Zudem führt dieses Vorgehen zu nicht hinnehmbaren, irreversiblen Folgen in der Region.
Während die Kommission tagt, werden Tag für Tag die Maßnahmen zur Devastierung ganzer Dörfer fortgesetzt, Kulturdenkmäler und Kirchen abgerissen und schützenswerte Natur für die Gewinnung der Braunkohle zerstört.

Dies führt nicht zuletzt zu massiven persönlichen, psychischen und wirtschaftlichen Belastungen von Menschen, die aus ihrem Zuhause, ihrer Heimat vertrieben werden. Für Landwirte, deren Flächen verloren gehen, ist die Situation existenzbedrohend.

Auch drohen aus unserer Sicht bei dem von der RWE Power AG geplanten Beginn von Rodungsarbeiten im Hambacher Wald ohne Not eine Eskalation der Situation und damit eine massive Störung des sozialen Friedens. Es wird kaum zu vermitteln sein, dass in Berlin eine Kommission den Zeitplan für den Kohleausstieg neu justiert, während zeitgleich mit dem Hambacher Wald ein Symbol für eine Zukunft ohne Braunkohle zerstört wird.

Dies wiegt umso schwerer, als nach unserem Kenntnisstand RWE trotz des geforderten Moratoriums problemlos die Tagebaue Hambach und Garzweiler über einen Zeitraum von einigen Jahren weiter auskohlen könnte, ohne weitere Rodungen oder Umsiedlungsmaßnahmen in noch weitgehend intakten Dörfern vorzunehmen.
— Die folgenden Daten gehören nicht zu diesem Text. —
lemma basis_in_ideal: "ji \<in> basis_idx \<Longrightarrow> basis ji \<in> C"
proof -
  assume "ji \<in> basis_idx"
  then obtain j i where ji: "ji = (j, i)" "j < l" "i < s - degree (p j)"
    unfolding basis_idx_def by auto
  let ?g = "monom 1 i * p j"
  have "?g = ?g mod xmod s \<alpha>"
    using mod_xmod_eq_self[OF s_pos degree_monom_mult_p[OF ji(2,3)]] by simp
  then have "?g \<in> Iset s l \<alpha> \<beta> \<omega> r C j"
    using Iset_eq[OF ji(2)] by blast
  then show "basis ji \<in> C"
    unfolding Iset_def basis_def ji(1) by (simp add: mult.commute)
qed

lemma basis_independent:
  assumes "(\<Sum>ji\<in>basis_idx. smult [:c ji:] (basis ji)) = 0" "ji \<in> basis_idx"
  shows "c ji = 0"
proof -
  obtain j i where ji: "ji = (j, i)" "j < l" "i < s - degree (p j)"
    using assms(2) unfolding basis_idx_def by auto
  have "(\<Sum>i<s - degree (p j). monom (c (j, i)) i) * p j = 0"
    using ev_basis_combination[OF ji(2), of c] assms(1) by simp
  then have "coeff (\<Sum>i<s - degree (p j). monom (c (j, i)) i) i = 0"
    using p_nonzero[OF ji(2)] by simp
  then show ?thesis
    using ji by (simp add: coeff_sum coeff_monom)
qed

text \<open>\<open>\<eta>\<^sub>k f \<in> C\<close> and \<open>\<eta>\<^sub>k\<close> times the \<open>k\<close>-th image of \<open>f\<close> have the same image under
  every evaluation, hence coincide in \<open>R\<close>.\<close>
lemma ev_in_Iset:
  assumes "f \<in> C" "k < l"
  shows "ev k f \<in> Iset s l \<alpha> \<beta> \<omega> r C k"
proof -
  have eta_f: "red s l \<alpha> \<beta> (ypoly (eta \<omega> r l k) * f) \<in> C"
    using ideal assms(1) ypoly_in_Rset[OF degree_eta[OF assms(2)] s_pos]
    unfolding is_R_ideal_def by blast
  have "red s l \<alpha> \<beta> (ypoly (eta \<omega> r l k) * xpoly (ev k f)) =
      red s l \<alpha> \<beta> (ypoly (eta \<omega> r l k) * f)"
  proof (rule Rset_eqI_ev[OF red_in_Rset[OF l_pos s_pos] red_in_Rset[OF l_pos s_pos]])
    fix k' assume "k' < l"
    then show "ev k' (red s l \<alpha> \<beta> (ypoly (eta \<omega> r l k) * xpoly (ev k f))) =
        ev k' (red s l \<alpha> \<beta> (ypoly (eta \<omega> r l k) * f))"
      using ev_eta[OF assms(2) \<open>k' < l\<close>]
      by (cases "k = k'") (simp_all add: ev_red eval_y_mult eval_y_xpoly eval_y_mod)
  qed
  then show ?thesis
    using eta_f unfolding Iset_def eval_y_def by (simp add: degree_mod_xmod s_pos)
qed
Nicht hinnehmbar wäre auch eine mögliche RWE-Strategie, weitere Flächen für den Tagebau vorzubereiten, um damit im Falle der klimaschutzpolitisch erforderlichen Nicht-Inanspruchnahme höhere Entschädigungen einzufordern.
Im Einzelnen beinhaltet unsere Forderung nach einem Braunkohlen-Moratorium die folgenden Punkte:
• Aussetzung aller rodungsvorbereitenden Maßnahmen sowie Fäll- und Rodungsstopp im Hambacher Wald;
• Keine Zwangsenteignungen und das Ruhen laufender Zwangsenteignungs- verfahren auf Wunsch der betroffenen Grundstücksbesitzer und Landwirte;
• Unterbrechung von nicht gewollten Umsiedlungsverfahren in Keyenberg, Kuckum, Unterwestrich, Oberwestrich, Berverath, Manheim und Morschenich (für alle, die von der Umsiedlung betroffen sind und das Verfahren auszusetzen wünschen);
• Aussetzen der für die Umsiedlungsbetroffenen belastenden Bergbauvorberei- tungsarbeiten in den und um die betroffenen Gemeinden;
• Stopp der geplanten Abrissaktivitäten von Kirchen und Denkmälern in Manheim, Morschenich, Keyenberg, Kuckum, Unterwestrich, Oberwestrich, Berverath;
• Bewahrung der A 61 (bei Autobahnkreuz Jackerath, Garzweiler);
• Keine Zulassung des RWE-Antrags für eine immissionsschutzrechtliche Genehmigung des Braunkohlenkraftwerks BoAplus in Bergheim-Niederaußem;
• Verantwortungsvolle, neutrale Haltung von politischen Amtsträgern, Bundes-, Landes- und Bezirksregierungen in Bezug auf bergbauliche Maßnahmen.

Wir, die unterzeichnenden Tagebaubetroffenen, Initiativen und Verbände, sind davon überzeugt, dass ein solches Moratorium ein unabdingbarer Beitrag wäre, um einen gesamtgesellschaftlichen Konsens im Hinblick auf den Kohleausstieg zu erzielen. Damit könnte ein wichtiger Beitrag zur Wahrung des sozialen Friedens geleistet werden.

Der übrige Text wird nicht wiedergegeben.